PROBLEM TO WORK ON: If a line includes the word "induction", it belongs in the count; state the total for the data below and add nothing.

"""

text \<open>theta*: the algebra homomorphism fixing vertices and sending \<alpha> to \<alpha>_1...\<alpha>_A,
  written out on the path basis.\<close>
definition theta :: "('v, 'e) quiver \<Rightarrow> nat \<Rightarrow> ('v, 'e, 'k::field) pelem
    \<Rightarrow> (('v, 'e) svert, 'e \<times> nat, 'k) pelem" where
  "theta Q A x = (\<lambda>q. \<Sum>p\<in>{p. is_path Q p \<and> stretch_path A p = q}. x p)"

definition stretched_ideal :: "('v, 'e) quiver \<Rightarrow> nat \<Rightarrow> ('v, 'e, 'k::field) pelem set
    \<Rightarrow> (('v, 'e) svert, 'e \<times> nat, 'k) pelem set" where
  "stretched_ideal Q A G = gen_ideal (stretched_quiver Q A) (theta Q A ` G)"

fun ptil :: "('v, 'e) quiver \<Rightarrow> nat \<Rightarrow> ('v, 'e) svert \<Rightarrow> (('v, 'e) svert, 'e \<times> nat) qpath" where
  "ptil Q A (New a i) = (Old (src Q a), map (\<lambda>j. (a, j)) [1..<i+1])"
| "ptil Q A (Old v) = (Old v, [])"

fun qtil :: "('v, 'e) quiver \<Rightarrow> nat \<Rightarrow> ('v, 'e) svert \<Rightarrow> (('v, 'e) svert, 'e \<times> nat) qpath" where
  "qtil Q A (New a i) = (New a i, map (\<lambda>j. (a, j)) [i+1..<A+1])"
| "qtil Q A (Old v) = (Old v, [])"

end

theory Submission
  imports Defs
begin

(*
  Divide on the right by the arrow word of p~_w and on the left by the path q~_w: the coefficient
  of a path r in the quotient is that of r p~_w (resp. q~_w r). Both divisions preserve the
  stretched ideal. They kill every generator theta*(g), since a stretched path starts at an old
  vertex and ends with an arrow alpha_A, while p~_w ends with alpha_i, i < A, and q~_w starts at
  the new vertex w. On a product x a y with a in the ideal they produce, besides products with a,
  only quotients of a by shorter prefixes of p~_w (resp. by q~_w' for the vertices w' further
  along the same arrow), because elements of the ideal have no paths of length less than A.
  Finally, lambda p~_w divided by p~_w is lambda v, and q~_w lambda divided by q~_w is v' lambda.
*)

lemma sum_atMost_split_after:
  "(\<Sum>k\<le>n + m. f k) = (\<Sum>k\<le>n. f k) + (\<Sum>k<m. f (n + Suc k))"
  for f :: "nat \<Rightarrow> 'a::comm_monoid_add"
  by (induction m) (auto simp: add.assoc)

lemma sum_atMost_split_before:
  "(\<Sum>k\<le>n + m. f k) = (\<Sum>k<n. f k) + (\<Sum>k\<le>m. f (n + k))"
  for f :: "nat \<Rightarrow> 'a::comm_monoid_add"
  by (induction m) (auto simp: add.assoc lessThan_Suc_atMost[symmetric])

lemma last_take_Suc: "m < length t \<Longrightarrow> last (take (Suc m) t) = t ! m"
  by (subst last_conv_nth) (auto simp: min_def intro: arg_cong[where f="(!) t"])

lemma path_end_append: "path_end Q (s, u @ l) = path_end Q (path_end Q (s, u), l)"
  by (simp add: path_end_def)

lemma is_path_appendD1:
  assumes "is_path Q (s, u @ l)"
  shows "is_path Q (s, u)"
proof -
  have "tgt Q (u ! i) = src Q (u ! Suc i)" if "Suc i < length u" for i
  proof -
    have "tgt Q ((u @ l) ! i) = src Q ((u @ l) ! Suc i)"
      using assms that by (auto simp: is_path_def)
    then show ?thesis
      using that by (simp add: nth_append)
  qed
  then show ?thesis
    using assms by (auto simp: is_path_def)
qed

lemma is_path_appendD2:
  assumes path: "is_path Q (s, u @ l)" and end_in: "path_end Q (s, u) \<in> verts Q"
  shows "is_path Q (path_end Q (s, u), l)"
proof (cases "u = [] \<or> l = []")
  case True
  then show ?thesis
    using path end_in by (auto simp: is_path_def path_end_def)
next
  case False
  have link: "tgt Q ((u @ l) ! i) = src Q ((u @ l) ! Suc i)" if "Suc i < length u + length l" for i
    using path that by (auto simp: is_path_def)
  have "src Q (hd l) = tgt Q (last u)"
    using link[of "length u - 1"] False
    by (cases u rule: rev_cases) (auto simp: nth_append hd_conv_nth)
  moreover have "tgt Q (l ! i) = src Q (l ! Suc i)" if "Suc i < length l" for i
    using link[of "length u + i"] that by (simp add: nth_append)
  ultimately show ?thesis
    using path end_in False by (auto simp: is_path_def path_end_def)
qed

lemma path_end_in_verts:
  "(\<forall>a\<in>arrs Q. tgt Q a \<in> verts Q) \<Longrightarrow> is_path Q p \<Longrightarrow> path_end Q p \<in> verts Q"
  unfolding path_end_def is_path_def by (metis last_in_set subset_iff)

lemma pa_mult_nonzeroD:
  "pa_mult Q x y p \<noteq> 0 \<Longrightarrow> \<exists>k\<le>length (snd p). x (fst p, take k (snd p)) \<noteq> 0
     \<and> y (path_end Q (fst p, take k (snd p)), drop k (snd p)) \<noteq> 0"
  unfolding pa_mult_def
  by (metis (no_types, lifting) atMost_iff mult_not_zero sum.not_neutral_contains_not_neutral)

section \<open>Division by paths\<close>

text \<open>No vertex check is needed on the right, where r keeps its start vertex; on the left it
  keeps the support finite.\<close>

definition pa_rquot :: "'e list \<Rightarrow> ('v, 'e, 'k::field) pelem \<Rightarrow> ('v, 'e, 'k) pelem" where
  "pa_rquot t f = (\<lambda>r. f (fst r, snd r @ t))"

definition pa_lquot :: "('v, 'e) quiver \<Rightarrow> ('v, 'e) qpath \<Rightarrow> ('v, 'e, 'k::field) pelem
    \<Rightarrow> ('v, 'e, 'k) pelem" where
  "pa_lquot Q p f = (\<lambda>r. if fst r = path_end Q p then f (fst p, snd p @ snd r) else 0)"

lemma pa_mult_append_right:
  "pa_mult Q x y (s, l @ t) = pa_mult Q x (pa_rquot t y) (s, l)
     + (\<Sum>m<length t. x (s, l @ take (Suc m) t) * y (tgt Q (t ! m), drop (Suc m) t))"
proof -
  let ?term = "\<lambda>k. x (s, take k (l @ t)) * y (path_end Q (s, take k (l @ t)), drop k (l @ t))"
  have "pa_mult Q x y (s, l @ t) = (\<Sum>k\<le>length l + length t. ?term k)"
    by (simp add: pa_mult_def)
  also have "\<dots> = (\<Sum>k\<le>length l. ?term k) + (\<Sum>m<length t. ?term (length l + Suc m))"
    by (rule sum_atMost_split_after)
  also have "(\<Sum>k\<le>length l. ?term k) = pa_mult Q x (pa_rquot t y) (s, l)"
    unfolding pa_mult_def pa_rquot_def by (rule sum.cong) auto
  also have "(\<Sum>m<length t. ?term (length l + Suc m))
      = (\<Sum>m<length t. x (s, l @ take (Suc m) t) * y (tgt Q (t ! m), drop (Suc m) t))"
    by (rule sum.cong) (auto simp: path_end_def last_take_Suc last_append)
  finally show ?thesis .
qed

lemma pa_mult_append_left:
  "pa_mult Q x y (s, u @ l)
     = (\<Sum>k<length u. x (s, take k u) * y (path_end Q (s, take k u), drop k u @ l))
       + pa_mult Q (pa_lquot Q (s, u) x) y (path_end Q (s, u), l)"
proof -
  let ?term = "\<lambda>k. x (s, take k (u @ l)) * y (path_end Q (s, take k (u @ l)), drop k (u @ l))"
  have "pa_mult Q x y (s, u @ l) = (\<Sum>k\<le>length u + length l. ?term k)"
    by (simp add: pa_mult_def)
  also have "\<dots> = (\<Sum>k<length u. ?term k) + (\<Sum>k\<le>length l. ?term (length u + k))"
    by (rule sum_atMost_split_before)
  also have "(\<Sum>k<length u. ?term k)
      = (\<Sum>k<length u. x (s, take k u) * y (path_end Q (s, take k u), drop k u @ l))"
    by (rule sum.cong) auto
  also have "(\<Sum>k\<le>length l. ?term (length u + k))
      = pa_mult Q (pa_lquot Q (s, u) x) y (path_end Q (s, u), l)"
    unfolding pa_mult_def pa_lquot_def by (rule sum.cong) (auto simp: path_end_append)
  finally show ?thesis .
qed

"""

RESULT OF THIS EXERCISE: 2